_TASK DETAILS_
Within the entries below, the lines from the one with "M) = convex" through the one with "by (rule hull_minimal)" are to be set down exactly, both ends kept.

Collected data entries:

lemma
  fixes C :: "(real^'n) set" and g :: "real^'n \<Rightarrow> 'a::real_vector"
  assumes ind: "\<not> affine_dependent C" and b: "b \<in> convex hull C"
  shows sum_bary_superset: "finite T \<Longrightarrow> bary_support C b \<subseteq> T \<Longrightarrow>
      (\<Sum>v\<in>T. bary C b v *\<^sub>R g v) = (\<Sum>v\<in>bary_support C b. bary C b v *\<^sub>R g v)"
    and sum_bary_support: "sum (bary C b) (bary_support C b) = 1"
    and sum_bary_support_scaleR: "(\<Sum>v\<in>bary_support C b. bary C b v *\<^sub>R v) = b"
proof -
  have zero: "bary C b v = 0" if "v \<notin> bary_support C b" for v
    using that bary_nonneg[OF ind subset_refl b, of v] bary_eq_0[OF ind subset_refl b, of v]
    unfolding bary_support_def by (cases "v \<in> C") auto
  show superset: "(\<Sum>v\<in>T. bary C b v *\<^sub>R g v) = (\<Sum>v\<in>bary_support C b. bary C b v *\<^sub>R g v)"
    if "finite T" "bary_support C b \<subseteq> T" for T and g :: "real^'n \<Rightarrow> 'b::real_vector"
    by (rule sum.mono_neutral_right) (use that zero in auto)
  have finC: "finite C" using aff_independent_finite ind by blast
  obtain u where u: "\<forall>v\<in>C. 0 \<le> u v" "sum u C = 1" "(\<Sum>v\<in>C. u v *\<^sub>R v) = b"
    using b convex_hull_finite[OF finC] by blast
  have "bary C b v = u v" if "v \<in> C" for v
    using that by (simp add: bary_eqI[OF ind subset_refl u(2,3)])
  then have "sum (bary C b) C = 1" "(\<Sum>v\<in>C. bary C b v *\<^sub>R v) = b"
    using u by simp_all
  moreover have "bary_support C b \<subseteq> C" unfolding bary_support_def by blast
  ultimately show "sum (bary C b) (bary_support C b) = 1"
    "(\<Sum>v\<in>bary_support C b. bary C b v *\<^sub>R v) = b"
    using superset[OF finC, of "\<lambda>_. 1::real"] superset[OF finC, of id] by simp_all
qed

lemma bary_support_nonempty:
  fixes C :: "(real^'n) set"
  assumes "\<not> affine_dependent C" and "b \<in> convex hull C"
  shows "bary_support C b \<noteq> {}"
  using sum_bary_support[OF assms] by auto

lemma in_rel_interior_bary_support:
  fixes C :: "(real^'n) set"
  assumes ind: "\<not> affine_dependent C" and b: "b \<in> convex hull C"
  shows "b \<in> rel_interior (convex hull (bary_support C b))"
  unfolding rel_interior_convex_hull_explicit[OF aff_independent_bary_support[OF ind]]
  using sum_bary_support[OF ind b] sum_bary_support_scaleR[OF ind b]
  by (intro CollectI exI[of _ "bary C b"]) (simp add: bary_support_def)

lemma in_convex_hull_bary_support:
  fixes C :: "(real^'n) set"
  assumes "\<not> affine_dependent C" and "b \<in> convex hull C"
  shows "b \<in> convex hull (bary_support C b)"
  using in_rel_interior_bary_support[OF assms] rel_interior_subset by blast

lemma subset_convex_hull_Union_bary_support:
  fixes C M :: "(real^'n) set"
  assumes ind: "\<not> affine_dependent C" and M: "M \<subseteq> convex hull C"
  shows "M \<subseteq> convex hull (\<Union>b\<in>M. bary_support C b)"
proof
  fix b assume "b \<in> M"
  then have "convex hull (bary_support C b) \<subseteq> convex hull (\<Union>b\<in>M. bary_support C b)"
    by (intro hull_mono) blast
  with in_convex_hull_bary_support[OF ind] M \<open>b \<in> M\<close> show "b \<in> convex hull (\<Union>b\<in>M. bary_support C b)"
    by blast
qed

section \<open>Faces of a simplex and circuits\<close>

lemma vertices_convex_hull:
  fixes S :: "(real^'n) set"
  assumes "\<not> affine_dependent S"
  shows "vertices (convex hull S) = S"
  unfolding vertices_def using extreme_point_of_convex_hull_affine_independent[OF assms] by auto

lemma simplex_vertices:
  fixes S :: "(real^'n) set"
  assumes "d simplex S"
  shows "\<not> affine_dependent (vertices S)" and "S = convex hull (vertices S)"
proof -
  obtain C where "\<not> affine_dependent C" "S = convex hull C"
    using assms unfolding simplex by blast
  then show "\<not> affine_dependent (vertices S)" "S = convex hull (vertices S)"
    by (simp_all add: vertices_convex_hull)
qed

lemma smallest_face_convex_hull:
  fixes C M :: "(real^'n) set"
  assumes ind: "\<not> affine_dependent C" and M: "M \<subseteq> convex hull C"
  shows "smallest_face (convex hull C) M = convex hull (\<Union>b\<in>M. bary_support C b)"
proof -
  let ?G = "smallest_face (convex hull C) M" and ?T = "\<Union>b\<in>M. bary_support C b"
  have minimal: "?G \<subseteq> F" if "F face_of convex hull C" "M \<subseteq> F" for F
    unfolding smallest_face_def using that by (intro Inter_lower) simp
  have "?G face_of convex hull C"
    unfolding smallest_face_def
    by (rule face_of_Inter) (use M face_of_refl[OF convex_convex_hull] in auto)
  then obtain S where SC: "S \<subseteq> C" and G: "?G = convex hull S"
    using face_of_convex_hull_affine_independent[OF ind] by blast
  have "M \<subseteq> convex hull S" unfolding G[symmetric] smallest_face_def by blast
  then have "?T \<subseteq> S"
    using bary_support_subset[OF ind SC] by (meson UN_least subsetD)
  then have "convex hull ?T \<subseteq> ?G" unfolding G by (rule hull_mono)
  moreover have "?T \<subseteq> C" unfolding bary_support_def by blast
  then have "convex hull ?T face_of convex hull C"
    using face_of_convex_hull_affine_independent[OF ind] by blast
  moreover have "M \<subseteq> convex hull ?T" by (rule subset_convex_hull_Union_bary_support[OF ind M])
  ultimately show ?thesis using minimal by blast
qed

lemma vertices_smallest_face:
  fixes C M :: "(real^'n) set"
  assumes ind: "\<not> affine_dependent C" and M: "M \<subseteq> convex hull C"
  shows "vertices (smallest_face (convex hull C) M) = (\<Union>b\<in>M. bary_support C b)"
proof -
  have "\<not> affine_dependent (\<Union>b\<in>M. bary_support C b)"
    by (rule affine_independent_subset[OF ind]) (auto simp: bary_support_def)
  then show ?thesis
    by (simp add: smallest_face_convex_hull[OF ind M] vertices_convex_hull)
qed

lemma simplex_convex_hull_Un:
  fixes S M :: "(real^'n) set"
  assumes ind: "\<not> affine_dependent S" and "S \<noteq> {}" and "M \<subseteq> convex hull S"
  shows "\<exists>d\<ge>0. d simplex (convex hull (S \<union> M))" and "vertices (convex hull (S \<union> M)) = S"
proof -
  have hull: "convex hull (S \<union> M) = convex hull S"
  proof (rule subset_antisym)
    show "convex hull (S \<union> M) \<subseteq> convex hull S"
      by (rule hull_minimal) (use assms(3) hull_subset[of S convex] in auto)
    show "convex hull S \<subseteq> convex hull (S \<union> M)" by (rule hull_mono) blast
  qed
  have "finite S" using aff_independent_finite ind by blast
  then have "int (card S) - 1 \<ge> 0" using \<open>S \<noteq> {}\<close> by (simp add: Suc_le_eq card_gt_0_iff)
  moreover have "(int (card S) - 1) simplex (convex hull S)"
    by (rule simplex_convex_hull) (use ind in simp)
  ultimately show "\<exists>d\<ge>0. d simplex (convex hull (S \<union> M))" unfolding hull by blast
  show "vertices (convex hull (S \<union> M)) = S" unfolding hull by (rule vertices_convex_hull[OF ind])
qed

lemma ext_circuit_aff_independent:
  fixes S M :: "(real^'n) set"
  assumes "\<not> affine_dependent S" and "S \<noteq> {}" and "M \<subseteq> convex hull S"
  shows "ext_circuit S M"
  unfolding ext_circuit_def using simplex_convex_hull_Un[OF assms] by blast

lemma circuit_bary_support:
  fixes C :: "(real^'n) set"
  assumes ind: "\<not> affine_dependent C" and b: "b \<in> convex hull C"
  shows "circuit (bary_support C b) {b}"
proof -
  have "{b} \<subseteq> convex hull (bary_support C b)"
    using in_convex_hull_bary_support[OF ind b] by blast
  with aff_independent_bary_support[OF ind] bary_support_nonempty[OF ind b] have "(\<exists>d\<ge>0. d simplex convex hull (bary_support C b \<union> {b}))
      \<and> vertices (convex hull (bary_support C b \<union> {b})) = bary_support C b"
    using simplex_convex_hull_Un by blast
  then show ?thesis
    unfolding circuit_def using in_rel_interior_bary_support[OF ind b] by simp
qed

section \<open>Monomials and signomials\<close>

lemma one_in_pos_orthant: "(\<chi> i. 1) \<in> pos_orthant"
  unfolding pos_orthant_def by simp

lemma xpow_one: "xpow (\<chi> i. 1) a = 1"
  unfolding xpow_def by simp

lemma xpow_axis_line: "xpow (\<chi> k. if k = i then t else 1) a = t powr (a $ i)"
proof -
  have "xpow (\<chi> k. if k = i then t else 1) a = (\<Prod>k\<in>UNIV. if k = i then t powr (a $ i) else 1)"
    unfolding xpow_def by (rule prod.cong) auto
  also have "\<dots> = t powr (a $ i)" by (simp add: prod.delta)
  finally show ?thesis .
qed

lemma xpow_eq_exp_inner:
  assumes "x \<in> pos_orthant"
  shows "xpow x a = exp (\<Sum>i\<in>UNIV. a $ i * ln (x $ i))"
proof -
  have pos: "0 < x $ i" for i
    using assms unfolding pos_orthant_def by blast
  have "x $ i powr a $ i = exp (a $ i * ln (x $ i))" for i
    using pos[of i] by (simp add: powr_def)
  then have "xpow x a = (\<Prod>i\<in>UNIV. exp (a $ i * ln (x $ i)))"
    unfolding xpow_def by simp
  then show ?thesis by (simp add: exp_sum)
qed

_ANSWER TO THE EXERCISE_
  have hull: "convex hull (S \<union> M) = convex hull S"
  proof (rule subset_antisym)
    show "convex hull (S \<union> M) \<subseteq> convex hull S"
      by (rule hull_minimal) (use assms(3) hull_subset[of S convex] in auto)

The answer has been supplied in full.